I'm quite pleased with the results. The ZF2 repository has ~27k commits, 67 releases, and over 700 contributors; a clean checkout is around 150MB. As a contrast, the rewritten zend-http component repository ended up with ~1.7k commits, 50 releases, ~160 contributors, and a clean checkout clocks in at 5.4MB! So the individual components are substantially leaner! Additionally, they contain all the QA tooling necessary to start developing against for those wanting to patch issues or create features, making development a simpler process.

The lessons learned:

tree-filter is your friend, if your restructuring involves more than one directory and/or adding or removing files.
tag-name-filter MUST be used anytime you use filter-branch; otherwise your tags may end up invalid!
filter-branch should be used on ranges sparingly, and ideally only if you're not worried about tags. In most cases, you want to run over the entire history.
commit-filter is your best option for ensuring empty commits of any type are stripped, particularly if you're using tree-filter; the --prune-empty flag is not terribly reliable.
Always do a full test run. It's tempting to use a commit range to verify that your filters work, but the results will differ from running over the entire history. Which leads to:
Schedule plenty of time, particularly if your repository is large. Those full test runs will take time, and, if you follow the scientific process and make one change at a time, you may need quite a few iterations to get your scripts right.

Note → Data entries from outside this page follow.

lemma array_gain_interval_null:
  assumes N: "2 \<le> N" and "1 / real N \<le> h" "2 / real N \<le> c + h" "c \<le> 1"
  shows "\<exists>d\<in>{c - h..c + h}. array_gain N (pi * d) = 0"
proof (cases "c - h \<le> 2 / real N")
  case True
  then show ?thesis
    using assms array_gain_null[of 1 N] by (intro bexI[of _ "2 / real N"]) auto
next
  case False
  obtain j :: int where "\<bar>2 * of_int j / real N - c\<bar> \<le> 1 / real N"
    using exists_null_near[of N c] N by auto
  then have j: "c - 1 / real N \<le> 2 * of_int j / real N" "2 * of_int j / real N \<le> c + 1 / real N"
    by (simp_all add: abs_le_iff)
  have "1 / real N \<le> 1 / 2"
    using N by simp
  then have "0 < 2 * of_int j / real N" "2 * of_int j / real N < 2"
    using j False assms(2,4) by linarith+
  then have "0 < j" "j < int N"
    using N by (simp_all add: zero_less_divide_iff divide_less_eq)
  then show ?thesis
    using j assms(2) array_gain_null[of j N] by (intro bexI[of _ "2 * of_int j / real N"]) auto
qed

lemma array_gain_interval_le_beyond_null:
  assumes N: "2 \<le> N" and "1 / real N < \<delta>" "\<delta> < 2 / real N"
    and "0 \<le> h" "\<delta> \<le> h + 1 / real N" "2 / real N < c - h" "c \<le> 1"
  shows "\<exists>d\<in>{c - h..c + h}. array_gain N (pi * d) \<le> array_gain N (pi * \<delta>)"
proof -
  have "2 / real N < 1"
    using assms by linarith
  then have "2 < real N"
    using N by (simp add: divide_less_eq)
  then have "3 / real N \<le> 1"
    by (simp add: field_simps)
  obtain j :: int where j: "\<bar>2 * of_int j / real N - c\<bar> \<le> 1 / real N"
    using exists_null_near[of N c] N by auto
  then obtain d where d: "d \<in> {c - h..c + h}" "\<bar>d - 2 * of_int j / real N\<bar> \<le> 2 / real N - \<delta>"
    using exists_near_in_interval[of h "2 / real N - \<delta>" "2 * of_int j / real N" c] assms
    by auto
  have "array_gain N (pi * d) \<le> array_gain N (pi * \<delta>)"
  proof (rule array_gain_near_null_le[OF _ _ _ _ _ d(2)])
    have "1 / real N + 2 / real N = 3 / real N"
      by (simp add: add_divide_distrib[symmetric])
    then show "d \<le> 2 - \<delta>"
      using d j assms(7) \<open>3 / real N \<le> 1\<close> by (simp add: abs_le_iff)
  qed (use N d assms in auto)
  then show ?thesis
    using d by blast
qed

lemma array_gain_interval_le:
  assumes N: "2 \<le> N" and \<delta>: "0 < \<delta>" "\<delta> < 2 / real N"
    and "0 \<le> h" "\<delta> \<le> c + h" "\<delta> \<le> h + 1 / real N" "c \<le> 1"
  shows "\<exists>d\<in>{c - h..c + h}. array_gain N (pi * d) \<le> array_gain N (pi * \<delta>)"
proof -
  have "1 / real N \<le> 1 / 2"
    using N by simp
  consider (below) "c + h \<le> 2 / real N" | (straddle) "c - h \<le> 2 / real N" "2 / real N < c + h"
    | (narrow) "2 / real N < c - h" "\<delta> \<le> 1 / real N" | (wide) "2 / real N < c - h" "1 / real N < \<delta>"
    by linarith
  then show ?thesis
  proof cases
    case below
    then have "array_gain N (pi * (c + h)) \<le> array_gain N (pi * \<delta>)"
      using assms by (intro array_gain_antimono) auto
    then show ?thesis
      using assms by (intro bexI[of _ "c + h"]) auto
  next
    case straddle
    then show ?thesis
      using N array_gain_null[of 1 N] array_gain_nonneg[of N "pi * \<delta>"]
      by (intro bexI[of _ "2 / real N"]) auto
  next
    case narrow
    have "array_gain N (pi * (c - h)) \<le> array_gain N (pi / real N)"
      using narrow assms \<open>1 / real N \<le> 1 / 2\<close> by (intro array_gain_sidelobe_le) auto
    also have "\<dots> \<le> array_gain N (pi * \<delta>)"
      using array_gain_antimono[of \<delta> "1 / real N" N] narrow \<delta> by (simp add: divide_right_mono)
    finally show ?thesis
      using assms by (intro bexI[of _ "c - h"]) auto
  next
    case wide
    then show ?thesis
      using array_gain_interval_le_beyond_null[OF N _ \<delta>(2) assms(4,6)] assms(7) by blast
  qed
qed

definition mainlobe_gain :: "nat \<Rightarrow> real \<Rightarrow> real" where
  "mainlobe_gain N \<delta> = (if \<delta> < 2 / real N then array_gain N (pi * \<delta>) / real N else 0)"

lemma array_gain_interval_min:
  assumes N: "2 \<le> N" and "0 < \<delta>" "0 \<le> h" "\<delta> \<le> c + h" "c - h \<le> 2 - \<delta>" "\<delta> \<le> h + 1 / real N"
  shows "\<exists>d\<in>{c - h..c + h}. array_gain N (pi * d) / real N \<le> mainlobe_gain N \<delta>"
proof -
  have half: "\<exists>d\<in>{c - h..c + h}. array_gain N (pi * d) / real N \<le> mainlobe_gain N \<delta>"
    if c: "\<delta> \<le> c + h" "c \<le> 1" for c
  proof (cases "\<delta> < 2 / real N")
    case True
    then obtain d where "d \<in> {c - h..c + h}" "array_gain N (pi * d) \<le> array_gain N (pi * \<delta>)"
      using array_gain_interval_le[OF N assms(2) True assms(3) c(1) assms(6) c(2)] by blast
    then show ?thesis
      using True by (intro bexI[of _ d]) (auto simp: mainlobe_gain_def divide_right_mono)
  next
    case False
    then have "1 / real N \<le> h" "2 / real N \<le> c + h"
      using assms(6) c(1) by linarith+
    then obtain d where "d \<in> {c - h..c + h}" "array_gain N (pi * d) = 0"
      using array_gain_interval_null[OF N _ _ c(2)] by blast
    then show ?thesis
      by (intro bexI[of _ d]) (auto simp: mainlobe_gain_def array_gain_nonneg)
  qed
  show ?thesis
  proof (cases "c \<le> 1")
    case True
    then show ?thesis using half assms by blast
  next
    case False
    then obtain d where d: "d \<in> {2 - c - h..2 - c + h}" "array_gain N (pi * d) / real N \<le> mainlobe_gain N \<delta>"
      using half[of "2 - c"] assms by auto
    have "array_gain N (pi * (2 - d)) = array_gain N (pi * d)"
      using array_gain_2pi_minus[of N "pi * d"] by (simp add: algebra_simps)
    then show ?thesis
      using d by (intro bexI[of _ "2 - d"]) auto
  qed
qed

section \<open>The narrowband codebook\<close>

lemma sin_nar_angle:
  assumes "1 \<le> l" "l \<le> L"
  shows "sin (nar_angle L l) = (2 * real l - 1) / real L - 1"
proof -
  have "0 \<le> (2 * real l - 1) / real L" "(2 * real l - 1) / real L \<le> 2"
    using assms by (auto simp: field_simps)
  then show ?thesis
    unfolding nar_angle_def by (intro sin_arcsin) auto
qed

lemma beam_gain_nar_codebook:
  "beam_gain N fc f \<phi> (nar_codebook N L l) =
     array_gain N (pi * (sin (nar_angle L l) - (1 + f / fc) * sin \<phi>)) / real N"
proof -
  define x where "x = pi * (sin (nar_angle L l) - (1 + f / fc) * sin \<phi>)"
  have "cnj (steer fc f \<phi> n) * nar_codebook N L l n = of_real (1 / sqrt (real N)) * cis (real n * x)" for n
  proof -
    have "real n * pi * sin (nar_angle L l) + - (real n * pi * (1 + f / fc) * sin \<phi>) = real n * x"
      by (simp add: x_def algebra_simps)
    then show ?thesis
      by (simp add: steer_def nar_codebook_def cis_cnj mult.left_commute[of _ "of_real _"] cis_mult)
  qed
  then have "(\<Sum>n<N. cnj (steer fc f \<phi> n) * nar_codebook N L l n)
      = of_real (1 / sqrt (real N)) * (\<Sum>n<N. cis (real n * x))"
    by (simp add: sum_distrib_left)
  then show ?thesis
    unfolding beam_gain_def array_gain_def x_def[symmetric]
    by (simp add: norm_divide power_divide)
qed

lemma wb_gain_le_beam_gain:
  assumes "f \<in> {-B/2..B/2}"
  shows "wb_gain N fc B \<phi> w \<le> beam_gain N fc f \<phi> w"
  unfolding wb_gain_def beam_gain_def
  by (rule cINF_lower[OF _ assms]) (auto intro: bdd_belowI[of _ 0])

lemma wb_gain_greatest:
  assumes "0 \<le> B" "\<And>f. f \<in> {-B/2..B/2} \<Longrightarrow> v \<le> beam_gain N fc f \<phi> w"
  shows "v \<le> wb_gain N fc B \<phi> w"
  unfolding wb_gain_def using assms by (intro cINF_greatest) auto

lemma wb_gain_nonneg: "0 \<le> B \<Longrightarrow> 0 \<le> wb_gain N fc B \<phi> w"
  by (rule wb_gain_greatest) (auto simp: beam_gain_def)

lemma exists_nar_beam_near:
  assumes "1 \<le> L" "\<bar>s\<bar> \<le> 1"
  shows "\<exists>l\<in>{1..L}. \<bar>sin (nar_angle L l) - s\<bar> \<le> 1 / real L"
proof -
  define x where "x = real L * (1 + s) / 2"
  define l where "l = max 1 (nat \<lceil>x\<rceil>)"
  have "0 \<le> x" "x \<le> real L"
    using assms by (auto simp: x_def)
  then have l: "1 \<le> l" "l \<le> L" "real l - 1 \<le> x" "x \<le> real l"
    unfolding l_def using assms by (auto simp: nat_le_iff ceiling_le_iff of_nat_max) linarith+
  have "sin (nar_angle L l) - s = (2 * real l - 1 - 2 * x) / real L"
    using l assms by (simp add: sin_nar_angle x_def field_simps)
  moreover have "\<bar>2 * real l - 1 - 2 * x\<bar> \<le> 1"
    using l by linarith
  ultimately show ?thesis
    using l by (intro bexI[of _ l]) (auto simp: abs_divide divide_right_mono)
qed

All-in-all, this was a stressful, time-consuming, thankless task. But I am quite happy with the results; our components look like they are and were always developed as first-class components, and have a rich history referencing their original development as part of the encompassing framework.

Kudos!

I cannot thank Gianluca and Corley enough for their generous efforts! What looked like a task that would take days and/or weeks happened literally overnight, allowing us to complete a major task in Zend Framework 3 development, and setting the stage for a ton of new features. Grazie!